Laboratory updates

From ANIMAL PEOPLE, May 2002:

University of Florida College of Veterinary Medicine
professor Janet K. Yamamoto, who with Niels Pedersen of the
University of California at Davis codiscovered the feline
immunodeficiency virus in 1986, in March 2002 announced that she has
developed an immunization against FIV, and that the USDA has
authorized Fort Dodge Animal Health, of Kansas, to put it into
commercial production. The FIV immunization may be available through
local veterinarians by midsummer, priced at $15-$25. Up to 25% of
all cats may carry FIV in dormant phases. An estimated 5% develop an
active infection.
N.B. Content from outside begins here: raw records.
lemma integral_uniform_measure_le_subset:
  fixes g :: "'a \<Rightarrow> real"
  assumes ST: "S \<subseteq> T" "S \<in> sets M" "T \<in> sets M"
    and fin: "emeasure M S \<noteq> 0" "emeasure M T \<noteq> \<infinity>"
    and g: "g \<in> borel_measurable M" "\<And>x. 0 \<le> g x"
    and int: "integrable (uniform_measure M T) g"
  shows "(\<integral>x. g x \<partial>uniform_measure M S) \<le>
           measure M T / measure M S * (\<integral>x. g x \<partial>uniform_measure M T)"
proof -
  have finS: "emeasure M S \<noteq> \<infinity>"
    using ST fin by (metis emeasure_mono infinity_ennreal_def neq_top_trans)
  have finT: "emeasure M T \<noteq> 0"
    using ST fin by (metis emeasure_mono le_zero_eq)
  have pos: "measure M S > 0"
    using fin finS by (simp add: emeasure_eq_ennreal_measure measure_nonneg order_le_neq_trans)
  have "measure M S \<le> measure M T"
    using ST fin(2) by (intro measure_mono_fmeasurable) (auto simp: fmeasurable_def less_top)
  with pos have posT: "measure M T > 0"
    by linarith
  have density_le: "indicator S x / measure M S * g x
          \<le> measure M T / measure M S * (indicator T x / measure M T * g x)" for x
    using ST pos posT g(2)[of x] by (auto simp: indicator_def)
  have "integrable M (\<lambda>x. indicator T x / measure M T * g x)"
    using int g(1) by (simp add: integrable_uniform_measure_iff[OF ST(3) finT fin(2)])
  then have "(\<integral>x. indicator S x / measure M S * g x \<partial>M)
               \<le> (\<integral>x. measure M T / measure M S * (indicator T x / measure M T * g x) \<partial>M)"
    using pos posT g(2) by (intro integral_mono' integrable_mult_right density_le) auto
  also have "\<dots> = measure M T / measure M S * (\<integral>x. indicator T x / measure M T * g x \<partial>M)"
    by (rule integral_mult_right_zero)
  finally show ?thesis
    by (simp only: integral_uniform_measure[OF ST(2) fin(1) finS g(1)]
        integral_uniform_measure[OF ST(3) finT fin(2) g(1)])
qed

lemma var_nonneg: "0 \<le> var M f"
  unfolding var_def by (rule integral_nonneg_AE) simp

lemma var_le_second_moment:
  fixes f :: "'a \<Rightarrow> real"
  assumes "prob_space M" "f \<in> borel_measurable M" "integrable M (\<lambda>x. (f x)\<^sup>2)"
  shows "var M f \<le> (\<integral>x. (f x)\<^sup>2 \<partial>M)"
proof -
  interpret prob_space M by fact
  have "integrable M f"
    by (rule square_integrable_imp_integrable[OF assms(2,3)])
  then have "var M f = (\<integral>x. (f x)\<^sup>2 \<partial>M) - (\<integral>x. f x \<partial>M)\<^sup>2"
    unfolding var_def expect_def using assms(3) by (rule variance_eq)
  then show ?thesis
    by simp
qed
Yamamoto predicted that the vacination method she
used might prove helpful in combatting the human immunodeficiency
virus, as well, whose victims develop AIDS. But Beth Israel
Deaconess Medical Center immunologist Norman L. Letvin, M.D., told
Boston Globe staff writer Stephen Smith that her approach had already
been tried against HIV, and had failed.

Primatology behavior researchers including Sue
Savage-Rumbaugh of the Georgia State University Language Center
converged on Des Moines, Iowa, on April 19 to join private investor
Ted Townsend in asking the Des Moines city government to donate 141
acres of land on which Townsend has proposed to build an institution
called “The Iowa Primate Learning Sanctuary” with $10 million raised
from private sources. “All humans, bonobos, chimpanzees–we’re all
siblings,” Savage-Rumbaugh said. “If we changed our language,
could we change the way we act?” Savage-Rumbaugh has taught two
bonobos and a gorilla to communicate complex thoughts by pointing to
charts of symbols.

North Carolina State University chancellor Marye Anne Fox
announced on April 19 that the university has abandoned attempts to
build a “research slaughterhouse” in Raleigh, authorized by the North
Carolina general assembly in 1995. The “meat processing laboratory,”
as it was also called, was to be located on the campus of the NCSU
College of Veterinary Medicine. Instead, the $4.9 million allocated
toward the project will mostly be invested in a new poultry-and-swine
complex. About $500,000 will be used to renovate an existing food
science building, and $280,000 will go toward improvements at
another poultry research facility.

Chiba Prefecture on April 1, 2000 became the 30th of the 47
prefectures and major cities in Japan to halt the sale of abandoned
animals to laboratories. Lab demand for random-source dogs and cats
has markedly declined, Japan Times staff writer Tetsushi Kajimoto
observed: in 1989, Chiba alone transferred 5,831 dogs and cats to
labs, but in 2000 all the labs in Japan used only 6,300 dogs and
1,200 cats. Chiba sent just 13 dogs and cats to labs in 2000, and
none in 2001, while receiving 25,400 dogs and cats from the public.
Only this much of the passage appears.